According to Misna, the victims were shot, stabbed or clubbed to death. Many of their bodies were then thrown into a river - the massacre lasted all night until dawn, eyewitnesses say.
The rebels deny the charge as "surreal". BBC Rome correspondent David Willey says the Misna agency, which collates reports from thousands of Catholic mission stations in Africa, is usually reliable. Bodies 'scattered' The agency says the killings took place overnight 14-15 May at the village of Katogota, 60km (40 miles) south of Bukavu. Misna quoted a survivor as saying: "The massacre started at sundown and lasted from 1930 on Sunday until 0500 on Monday. "Some of the bodies of the victims, who were scattered over a vast area inside and outside the village, were dragged to the river and some of them abandoned in the water," the survivor said.
Burundi, Uganda and Rwanda support a rebel coalition fighting the government of President Kabila, who is backed by troops from Zimbabwe, Angola and Namibia. The missionary agency said panic started in Katogota after the officer was killed, because the population feared they would be held responsible. Officers from the rebel force managed to restore calm, but soldiers returned at nightfall to attack the civilians. The rebels had accused the villagers of supporting Mr Kabila's government. Father Giulio Albanese, director of the Misna agency, said the casualty figure was expected to rise as further information became available. Rebels' denial The RCD says the Misna story is completely false, and a rebel spokesman described it as surreal.

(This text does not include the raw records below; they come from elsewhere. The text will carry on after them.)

definition dFab_dy1 :: "complex \<Rightarrow> complex \<Rightarrow> complex \<Rightarrow> complex \<Rightarrow> complex \<Rightarrow> complex \<Rightarrow> complex \<Rightarrow> complex \<Rightarrow> complex" where
  "dFab_dy1 a b x0 x1 y0 y1 z0 z1 =
     (2*x0^2*y1 + a*x0*x1*y0) * z0^2 + 2*x1^2*y1 * z0*z1 + (2*x0^2*y1 + b*x0*x1*y0) * z1^2"

definition dFab_dz0 :: "complex \<Rightarrow> complex \<Rightarrow> complex \<Rightarrow> complex \<Rightarrow> complex \<Rightarrow> complex \<Rightarrow> complex \<Rightarrow> complex \<Rightarrow> complex" where
  "dFab_dz0 a b x0 x1 y0 y1 z0 z1 = 2 * Qf a x0 x1 y0 y1 * z0 + (x0^2*y0^2 + x1^2*y1^2) * z1"

definition dFab_dz1 :: "complex \<Rightarrow> complex \<Rightarrow> complex \<Rightarrow> complex \<Rightarrow> complex \<Rightarrow> complex \<Rightarrow> complex \<Rightarrow> complex \<Rightarrow> complex" where
  "dFab_dz1 a b x0 x1 y0 y1 z0 z1 = (x0^2*y0^2 + x1^2*y1^2) * z0 + 2 * Qf b x0 x1 y0 y1 * z1"

lemmas dFab_defs = dFab_dx0_def dFab_dx1_def dFab_dy0_def dFab_dy1_def dFab_dz0_def dFab_dz1_def

lemma deriv_Fab:
  "deriv (\<lambda>t. Fab a b t x1 y0 y1 z0 z1) x0 = dFab_dx0 a b x0 x1 y0 y1 z0 z1"
  "deriv (\<lambda>t. Fab a b x0 t y0 y1 z0 z1) x1 = dFab_dx1 a b x0 x1 y0 y1 z0 z1"
  "deriv (\<lambda>t. Fab a b x0 x1 t y1 z0 z1) y0 = dFab_dy0 a b x0 x1 y0 y1 z0 z1"
  "deriv (\<lambda>t. Fab a b x0 x1 y0 t z0 z1) y1 = dFab_dy1 a b x0 x1 y0 y1 z0 z1"
  "deriv (\<lambda>t. Fab a b x0 x1 y0 y1 t z1) z0 = dFab_dz0 a b x0 x1 y0 y1 z0 z1"
  "deriv (\<lambda>t. Fab a b x0 x1 y0 y1 z0 t) z1 = dFab_dz1 a b x0 x1 y0 y1 z0 z1"
  by (rule DERIV_imp_deriv; unfold Fab_def Qf_def dFab_defs;
      (rule derivative_eq_intros refl)+; simp add: algebra_simps power2_eq_square)+
lemma prod_fun_upd_remove:
  assumes "finite A" "i \<in> A"
  shows "(\<Prod>k\<in>A. g k ((X(i := w)) k)) = g i w * (\<Prod>k\<in>A-{i}. g k (X k))"
proof -
  have "(\<Prod>k\<in>A. g k ((X(i := w)) k)) = g i w * (\<Prod>k\<in>A-{i}. g k ((X(i := w)) k))"
    using assms by (simp add: prod.remove)
  also have "(\<Prod>k\<in>A-{i}. g k ((X(i := w)) k)) = (\<Prod>k\<in>A-{i}. g k (X k))"
    by (rule prod.cong) auto
  finally show ?thesis .
qed

lemma sum_fun_upd_remove:
  assumes "finite A" "i \<in> A"
  shows "(\<Sum>k\<in>A. g k ((X(i := w)) k)) = g i w + (\<Sum>k\<in>A-{i}. g k (X k))"
proof -
  have "(\<Sum>k\<in>A. g k ((X(i := w)) k)) = g i w + (\<Sum>k\<in>A-{i}. g k ((X(i := w)) k))"
    using assms by (simp add: sum.remove)
  also have "(\<Sum>k\<in>A-{i}. g k ((X(i := w)) k)) = (\<Sum>k\<in>A-{i}. g k (X k))"
    by (rule sum.cong) auto
  finally show ?thesis .
qed

definition fpot_zterm :: "nat \<Rightarrow> nat \<Rightarrow> nat \<Rightarrow> pt \<Rightarrow> complex" where
  "fpot_zterm n m d p = zc p * (\<Prod>j=1..m. yc p j ^ d) / (\<Prod>i=2..n. xc p i ^ d)"

lemma fpot_fun_upd_x:
  assumes "i \<in> {2..n}"
  shows "fpot n m d (z, X(i := w), Y)
           = ((\<Sum>k\<in>{2..n}-{i}. X k ^ d) - (\<Sum>j=1..m. Y j ^ d))
             + 1 * w powi int d
             + z * (\<Prod>j=1..m. Y j ^ d) / (\<Prod>k\<in>{2..n}-{i}. X k ^ d) * w powi (- int d)"
  unfolding fpot_def xc_def yc_def zc_def fst_conv snd_conv
    sum_fun_upd_remove[where g = "\<lambda>_ x. x ^ d", OF finite_atLeastAtMost assms]
    prod_fun_upd_remove[where g = "\<lambda>_ x. x ^ d", OF finite_atLeastAtMost assms]
  by (simp add: power_int_minus divide_inverse mult_ac)
section \<open>Measure-theoretic tools\<close>

lemma emeasure_density_lborel_pos:
  fixes f :: "'a::euclidean_space \<Rightarrow> real"
  assumes f: "f \<in> borel_measurable lborel" "\<And>x. f x > 0"
    and A: "A \<in> sets borel" and U: "open U" "x \<in> U" "U \<subseteq> A"
  shows "emeasure (density lborel (\<lambda>x. ennreal (f x))) A > 0"
proof (rule ccontr)
  assume "\<not> ?thesis"
  then have "(\<integral>\<^sup>+ x. ennreal (f x) * indicator A x \<partial>lborel) = 0"
    using A f by (simp add: emeasure_density)
  then have "AE y in lborel. ennreal (f y) * indicator A y = 0"
    using A f by (subst (asm) nn_integral_0_iff_AE) auto
  then have "AE y in lborel. y \<in> - U"
  proof eventually_elim
    case (elim y)
    then have "y \<notin> A"
      using f(2)[of y] by (auto simp: indicator_def split: if_splits)
    then show ?case
      using U(3) by auto
  qed
  then have "x \<in> - U"
    using U(1) by (intro mem_closed_if_AE_lebesgue AE_completion) auto
  then show False
    using U(2) by simp
qed

lemma integral_dominated_convergence_at_infinity:
  fixes s :: "real \<Rightarrow> 'a \<Rightarrow> 'b::{banach, second_countable_topology}"
  assumes "f \<in> borel_measurable M" "\<And>t. s t \<in> borel_measurable M" "integrable M w"
    and lim: "AE x in M. ((\<lambda>t. s t x) \<longlongrightarrow> f x) at_infinity"
    and bound: "\<And>t. AE x in M. norm (s t x) \<le> w x"
  shows "((\<lambda>t. integral\<^sup>L M (s t)) \<longlongrightarrow> integral\<^sup>L M f) at_infinity"
proof -
  \<comment> \<open>\<open>at_infinity = sup at_top at_bot\<close>, and \<open>c = -1\<close> reflects \<open>at_bot\<close> to \<open>at_top\<close>\<close>
  have "((\<lambda>t. integral\<^sup>L M (s (c * t))) \<longlongrightarrow> integral\<^sup>L M f) at_top"
    if "c = 1 \<or> c = -1" for c :: real
  proof (rule integral_dominated_convergence_at_top[where w = w])
    have c: "filterlim (\<lambda>t. c * t) at_infinity at_top"
      using that filterlim_mono[OF filterlim_ident at_top_le_at_infinity order_refl]
        filterlim_mono[OF filterlim_uminus_at_bot_at_top at_bot_le_at_infinity order_refl]
      by auto
    show "AE x in M. ((\<lambda>t. s (c * t) x) \<longlongrightarrow> f x) at_top"
      using lim by eventually_elim (rule filterlim_compose[OF _ c])
  qed (use assms in auto)
  from this[of 1] this[of "-1"] show ?thesis
    unfolding at_infinity_eq_at_top_bot
    by (intro filterlim_sup) (simp_all add: filterlim_at_bot_mirror)
qed
(* Let $(X, A, \rightarrow)$ be a labelled transition system with finite state set $X$ and a distinguished silent action $\tau \in A$. In the branching bisimulation game on this LTS, the winning region $\mathcal{W}_S$ of Spoiler is the least set $W$ such that $\lozenge_{S,1} \Box_D \lozenge_{S,2} W \subseteq W$.
   Context: Write $x \Longrightarrow x'$ if there is a (possibly empty) sequence of $\tau$-transitions from $x$ to $x'$, and $x \xrightarrow{(\alpha)} x'$ if either $x \xrightarrow{\alpha} x'$, or $\alpha = \tau$ and $x = x'$. Branching bisimulation game: Spoiler configurations are $C_S = X^2 \cup X^5$, written $[x,y]$ and $[x,x',y,y',y'']$; Duplicator configurations are $C_D = X \times A \times X \times X$, written $\langle x,\alpha,x',y\rangle$. Spoiler moves: $\rightarrow_{S,1} \subseteq X^2 \times C_D$ consists of moves from $[x,y]$ to $\langle x,\alpha,x',y\rangle$ if $x \xrightarrow{\alpha} x'$, and from $[x,y]$ to $\langle y,\alpha,y',x\rangle$ if $y \xrightarrow{\alpha} y'$; $\rightarrow_{S,2} \subseteq X^5 \times X^2$ consists of moves from $[x,x',y,y',y'']$ to $[x,y']$ or to $[x',y'']$. Duplicator moves $\rightarrow_D$: from $\langle x,\alpha,x',y\rangle$ to $[x,x',y,y',y'']$ if $y \Longrightarrow y' \xrightarrow{(\alpha)} y''$. A play from $[x,y]$ is a finite or infinite sequence of configurations starting at $[x,y]$, each next one a move from the previous; it is maximal if infinite or no move is possible from its last configuration. Spoiler wins a finite maximal play iff its last configuration is a Duplicator configuration; all other maximal plays are won by Duplicator. A (positional) Spoiler strategy maps each Spoiler configuration to a Spoiler move from it; a play is consistent with it if all Spoiler moves in the play follow the strategy; it is winning from $[x,y]$ if all maximal plays from $[x,y]$ consistent with it are won by Spoiler. $\mathcal{W}_S$ is the set of configurations $[x,y] \in X^2$ from which Spoiler has a winning strategy. Modalities: for a move relation $\rightarrow_R$ and a set $W$ of configurations, $\lozenge_R W = \{c \mid \exists c'.\ c \rightarrow_R c' \wedge c' \in W\}$ and $\Box_R W = \{c \mid \forall c'.\ c \rightarrow_R c' \Rightarrow c' \in W\}$, where $c$ ranges over the source configurations of $\rightarrow_R$ (i.e. $X^2$ for $\rightarrow_{S,1}$, $C_D$ for $\rightarrow_D$, $X^5$ for $\rightarrow_{S,2}$). *)

theory Defs
  imports Main
begin

datatype ('x, 'a) conf =
    SP 'x 'x
  | SF 'x 'x 'x 'x 'x
  | DC 'x 'a 'x 'x

definition tau_steps :: "('x \<Rightarrow> 'a \<Rightarrow> 'x \<Rightarrow> bool) \<Rightarrow> 'a \<Rightarrow> 'x \<Rightarrow> 'x \<Rightarrow> bool" where
  "tau_steps T tau = (\<lambda>u v. T u tau v)\<^sup>*\<^sup>*"

definition opt_step :: "('x \<Rightarrow> 'a \<Rightarrow> 'x \<Rightarrow> bool) \<Rightarrow> 'a \<Rightarrow> 'x \<Rightarrow> 'a \<Rightarrow> 'x \<Rightarrow> bool" where
  "opt_step T tau x \<alpha> x' \<longleftrightarrow> T x \<alpha> x' \<or> (\<alpha> = tau \<and> x = x')"

definition mvS1 :: "('x \<Rightarrow> 'a \<Rightarrow> 'x \<Rightarrow> bool) \<Rightarrow> ('x, 'a) conf \<Rightarrow> ('x, 'a) conf \<Rightarrow> bool" where
  "mvS1 T c c' \<longleftrightarrow> (\<exists>x y \<alpha> z. c = SP x y \<and>
      ((c' = DC x \<alpha> z y \<and> T x \<alpha> z) \<or> (c' = DC y \<alpha> z x \<and> T y \<alpha> z)))"

definition mvS2 :: "('x, 'a) conf \<Rightarrow> ('x, 'a) conf \<Rightarrow> bool" where
  "mvS2 c c' \<longleftrightarrow> (\<exists>x x' y y' y''. c = SF x x' y y' y'' \<and> (c' = SP x y' \<or> c' = SP x' y''))"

The RCD says it is carrying out its own investigation, while emphasising that calm has been restored and villagers who fled are now returning to Katogota. On Friday, the RCD dismissed a report by an international human rights group accusing them of torturing and killing civilians in rebel-held areas in the east of the country. An RCD spokesman, Kin-Kiey Mulumba, rejected the allegations and offered to co-operate with a United Nations investigation and punish any of its fighters found responsible. The report, released earlier in the week by the New York-based Human Rights Watch, said Congolese rebels and allied Rwandan army units had committed rape and murder on a massive scale.